Cout is the output coupling capacitor which couples the output to the load (loud speaker). Cout blocks the DC components of the second stage from entering the load (loud speaker). The Coupling capacitor Cout, Cin and Cc all degrades the low frequency response of the amplifier. This is because these capacitors form high pass filters in conjunction with the input impedance of succeeding stages resulting in the attenuation of low frequency components. Input and output waveforms of a two stage RC couple amplifier is shown in the figure below.
- Class A design is the simplest.
- High fidelity because input signal will be exactly reproduced at the output.
- Since the active device is on full time, no time is required for the turn on and this improves high frequency response.

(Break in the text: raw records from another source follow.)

lemma all_breakpoints_card_cycle_0_eq_4_iff:
  "card ((bg_adj n \<rho>)\<^sup>* `` {0}) = 4 \<longleftrightarrow>
    (\<exists>j\<in>set [0..<2 * n + 2]. unsigned_ext n \<rho> j = 1 \<and>
      unsigned_ext n \<rho> 1 = grey_mate (unsigned_ext n \<rho> (grey_mate j)))"
proof -
  let ?E = "bg_adj n \<rho>" and ?ext = "unsigned_ext n \<rho>"
  obtain j where j: "j \<le> 2 * n + 1" "?ext j = 1" using unsigned_ext_surj[OF sp, of 1] by auto
  define b where "b = ?ext (grey_mate j)"
  note start = bg_cycle_0_first_vertices[OF j, folded b_def]
  have fin: "finite (?E\<^sup>* `` {0})"
    using rtrancl_Image_subset[OF bg_adj_subset[OF sp], of 0] by (auto intro: finite_subset)
  have crit: "(\<exists>j'\<in>set [0..<2 * n + 2]. ?ext j' = 1 \<and> ?ext 1 = grey_mate (?ext (grey_mate j'))) \<longleftrightarrow>
      ?ext 1 = grey_mate b"
  proof
    assume "\<exists>j'\<in>set [0..<2 * n + 2]. ?ext j' = 1 \<and> ?ext 1 = grey_mate (?ext (grey_mate j'))"
    then obtain j' where "j' \<in> set [0..<2 * n + 2]" "?ext j' = 1" "?ext 1 = grey_mate (?ext (grey_mate j'))"
      by blast
    moreover from this have "j' = j" using unsigned_ext_inj[OF sp, of j' j] j by (simp del: upt_Suc)
    ultimately show "?ext 1 = grey_mate b" unfolding b_def by simp
  next
    assume "?ext 1 = grey_mate b"
    then show "\<exists>j'\<in>set [0..<2 * n + 2]. ?ext j' = 1 \<and> ?ext 1 = grey_mate (?ext (grey_mate j'))"
      using j unfolding b_def by (intro bexI[of _ j]) auto
  qed
  show ?thesis
  proof (cases "?ext 1 = grey_mate b")
    case True
    then have "?E `` {0, 1, ?ext 1, b} \<subseteq> {0, 1, ?ext 1, b}"
      using bg_cycle_0_closed[OF j] unfolding b_def by blast
    then have "?E\<^sup>* `` {0} \<subseteq> {0, 1, ?ext 1, b}" using Image_closed_trancl Image_mono by blast
    then have "card (?E\<^sup>* `` {0}) = 4" using start by (metis subset_antisym)
    then show ?thesis using crit True by (simp del: upt_Suc)
  next
    case False
    have "b \<le> 2 * n + 1" unfolding b_def using unsigned_ext_le[OF sp grey_mate_le[OF j(1)]] .
    then have "(b, grey_mate b) \<in> ?E" unfolding bg_adj_iff by simp
    then have sub: "insert (grey_mate b) {0, 1, ?ext 1, b} \<subseteq> ?E\<^sup>* `` {0}"
      using start(2) by (auto intro: rtrancl_into_rtrancl)
    have "grey_mate b \<notin> {0, 1, ?ext 1, b}"
    proof -
      have "b \<noteq> 0" "b \<noteq> 1" using start(1) by (auto simp: card_insert_if split: if_splits)
      moreover have "grey_mate 0 = 1" "grey_mate 1 = 0" by (simp_all add: grey_mate_def)
      ultimately have "grey_mate b \<noteq> 0" "grey_mate b \<noteq> 1" using grey_mate_grey_mate by metis+
      then show ?thesis using False grey_mate_neq[of b] by auto
    qed
    then have "card (insert (grey_mate b) {0, 1, ?ext 1, b}) = 5" using start(1) by simp
    moreover have "card (insert (grey_mate b) {0, 1, ?ext 1, b}) \<le> card (?E\<^sup>* `` {0})"
      using card_mono[OF fin sub] .
    ultimately have "card (?E\<^sup>* `` {0}) \<noteq> 4" by linarith
    then show ?thesis using crit False by (simp del: upt_Suc)
  qed
qed
lemma measurable_rotate_angle [measurable]: "rotate_angle c \<in> circle_space \<rightarrow>\<^sub>M circle_space"
  unfolding circle_space_def rotate_angle_def
  by (rule measurable_restrict_space3) (auto simp: Pi_iff)

lemma rotate_angle_wrap_angle: "rotate_angle (wrap_angle c) = rotate_angle c"
proof
  fix x
  have "x + wrap_angle c = x + c + 2 * pi * of_int (- \<lfloor>(c + pi) / (2 * pi)\<rfloor>)"
    by (simp add: wrap_angle_def)
  then show "rotate_angle (wrap_angle c) x = rotate_angle c x"
    by (simp only: rotate_angle_def wrap_angle_add_period)
qed

lemma nn_integral_circle_rotate_angle:
  assumes [measurable]: "f \<in> borel_measurable circle_space"
  shows "(\<integral>\<^sup>+x. f (rotate_angle c x) \<partial>circle_space) = (\<integral>\<^sup>+x. f x \<partial>circle_space)"
proof -
  have [measurable]: "wrap_angle \<in> borel \<rightarrow>\<^sub>M circle_space"
    unfolding circle_space_def
    by (rule measurable_restrict_space2) simp_all
  define g where "g y = f (wrap_angle y)" for y
  have [measurable]: "g \<in> borel_measurable borel"
    unfolding g_def by measurable
  have "g (x + 2 * pi) = g x" for x
    using wrap_angle_add_period[of x 1] by (simp add: g_def)
  moreover have "\<bar>wrap_angle c\<bar> \<le> 2 * pi"
    using wrap_angle_bounds[of c] by linarith
  ultimately have shift: "(\<integral>\<^sup>+x. g (x + wrap_angle c) * indicator {-pi..<pi} x \<partial>lborel) =
      (\<integral>\<^sup>+x. g x * indicator {-pi..<pi} x \<partial>lborel)"
    by (intro nn_integral_periodic_shift) auto
  have "(\<integral>\<^sup>+x. f (rotate_angle c x) \<partial>circle_space) =
      (\<integral>\<^sup>+x. g (x + wrap_angle c) * indicator {-pi..<pi} x \<partial>lborel)"
    unfolding circle_space_def
    by (subst rotate_angle_wrap_angle[symmetric], subst nn_integral_restrict_space)
      (auto simp: g_def rotate_angle_def)
  also have "\<dots> = (\<integral>\<^sup>+x. g x * indicator {-pi..<pi} x \<partial>lborel)"
    by (fact shift)
  also have "\<dots> = (\<integral>\<^sup>+x. f x \<partial>circle_space)"
    unfolding circle_space_def
    by (subst nn_integral_restrict_space)
      (auto simp: g_def wrap_angle_eq_self split: split_indicator intro!: nn_integral_cong)
  finally show ?thesis .
qed
(* Let $T=((\Omega,\mathcal{A}),\{(\Omega,\mathcal{M}_i)\}_{i\in N},\{t_i\}_{i\in N})$ be a type space. Then exactly one of the following holds: (a) the players' beliefs in $T$ are consistent; (b) $T$ admits a money pump.
   Context: A field on a set $X$ is a collection of subsets of $X$ containing $X$ and closed under complements and finite intersections. For a field $\mathcal{A}$ on $\Omega$, $\mathrm{pba}(\Omega,\mathcal{A})$ is the set of finitely additive nonnegative $P:\mathcal{A}\to\mathbb{R}$ with $P(\Omega)=1$; $\mathrm{ba}(\Omega,\mathcal{A})$ is the space of bounded finitely additive real set functions on $\mathcal{A}$; $B(\Omega,\mathcal{A})$ is the sup-norm closure of the linear span of indicators of sets in $\mathcal{A}$ (these functions are integrable against every element of $\mathrm{ba}(\Omega,\mathcal{A})$). $\mathrm{ba}(\Omega,\mathcal{A})$ carries the weak* topology, the weakest topology making $\mu\mapsto\int f\,d\mu$ continuous for all $f\in B(\Omega,\mathcal{A})$; $\overline{\,\cdot\,}^\ast$ denotes weak* closure. A type space is $T=((\Omega,\mathcal{A}),\{(\Omega,\mathcal{M}_i)\}_{i\in N},\{t_i\}_{i\in N})$ with $N$ a nonempty set of players, $\Omega$ a set, $\mathcal{A}$ and $\mathcal{M}_i\subseteq\mathcal{A}$ fields on $\Omega$, and $t_i:\Omega\times\mathcal{A}\to[0,1]$ with: $t_i(\omega,\cdot)\in\mathrm{pba}(\Omega,\mathcal{A})$ for all $\omega$; $t_i(\cdot,E)\in B(\Omega,\mathcal{M}_i)$ for all $E\in\mathcal{A}$; $t_i(\omega,E)=1$ whenever $E\in\mathcal{M}_i$, $\omega\in E$. For $i\in N$ let $\Pi_i=\overline{\mathrm{conv}\{t_i(\omega,\cdot):\omega\in\Omega\}}^\ast$ (equivalently, the set of $P\in\mathrm{pba}(\Omega,\mathcal{A})$ with $P(E\cap F)=\int_F t_i(\cdot,E)\,dP$ for all $E\in\mathcal{A}$, $F\in\mathcal{M}_i$). The players' beliefs are consistent if $\bigcap_{i\in I}\Pi_i\neq\emptyset$ for every finite $I\subseteq N$. For $I\subseteq N$, a nonempty $S\subseteq\Omega$ (not necessarily in $\mathcal{A}$) is an $I$-common certainty component if there is $E\in\mathcal{A}$ with $E\subseteq S$ and $t_i(\omega,E)=1$ for all $\omega\in S$, $i\in I$. A set $E\subseteq\Omega$ is $I$-commonly certain at $\omega$ if there is an $I$-common certainty component $S$ with $\omega\in S\subseteq E$. A semi-bet is a family $(f_i)_{i\in I}\subseteq B(\Omega,\mathcal{A})$ with $I\subseteq N$ finite such that for every $\omega\in\Omega$ the set $\{\omega'\in\Omega:\int f_i\,dt_i(\omega',\cdot)\ge0\ \forall i\in I\}$ is $I$-commonly certain at $\omega$. $T$ admits a money pump if for every $P\in\mathrm{pba}(\Omega,\mathcal{A})$ there is a semi-bet $(f_i)_{i\in I}$ with $\int\sum_{i\in I}f_i\,dP<0$. *)

theory Defs
  imports Complex_Main
begin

- Since the active device conducts for the entire cycle of the input signal, there will be no cross over distortion.
- Single ended configuration can be practically realized in Class A amplifier. Single ended means only one active device (transistor) in the output stage.
Disadvantages of Class A power amplifier.
- Main disadvantage is poor efficiency.
- Steps for improving efficiency like transformer coupling etc affects the frequency response.
- Powerful Class A power amplifiers are costly and bulky due to the large power supply and heatsink.
Transformer coupled Class A power amplifier.
An amplifier where the load is coupled to the output using a transformer is called a transformer coupled amplifier. Using transformer coupling the efficiency of the amplifier can be improved to a great extend. The coupling transformer provides good impedance matching between the output and load and it is the main reason behind the improved efficiency. Impedance matching means making the output impedance of the amplifier equal to the input impedance of the load and this is an important criteria for the transfer of maximum power. Circuit diagram of typical single stage Class A amplifier is shown in the circuit diagram below.
Impedance matching can be attained by selecting the number of turns of the primary so that its net impedance is equal to the transistors output impedance and selecting the number of turns of the secondary so that its net impedance is equal to the loudspeakers input impedance.
Advantages of transformer coupled amplifier.
- Main advantage is the improvement of efficiency.
- Provides good DC isolation as there is no physical connection between amplifier output and load. Audio signals pass from one side to other by virtue of induction.
Disadvantages of transformer coupled amplifier.
- It is a bit hard to make/find an exactly matching transformer.
- Transformers are bulky and so it increases the cost and size of the amplifier.
- Transformer winding does not provide any resistance to DC current. If any DC components if present in the amplifier output, it will flow through the primary winding and saturate the core. This will result in reduced transformer action.
- Transformer coupling reduces the low frequency response of the amplifier.
- Transformer coupling induces hum in the output.
- Transformer coupling can be employed only for small loads.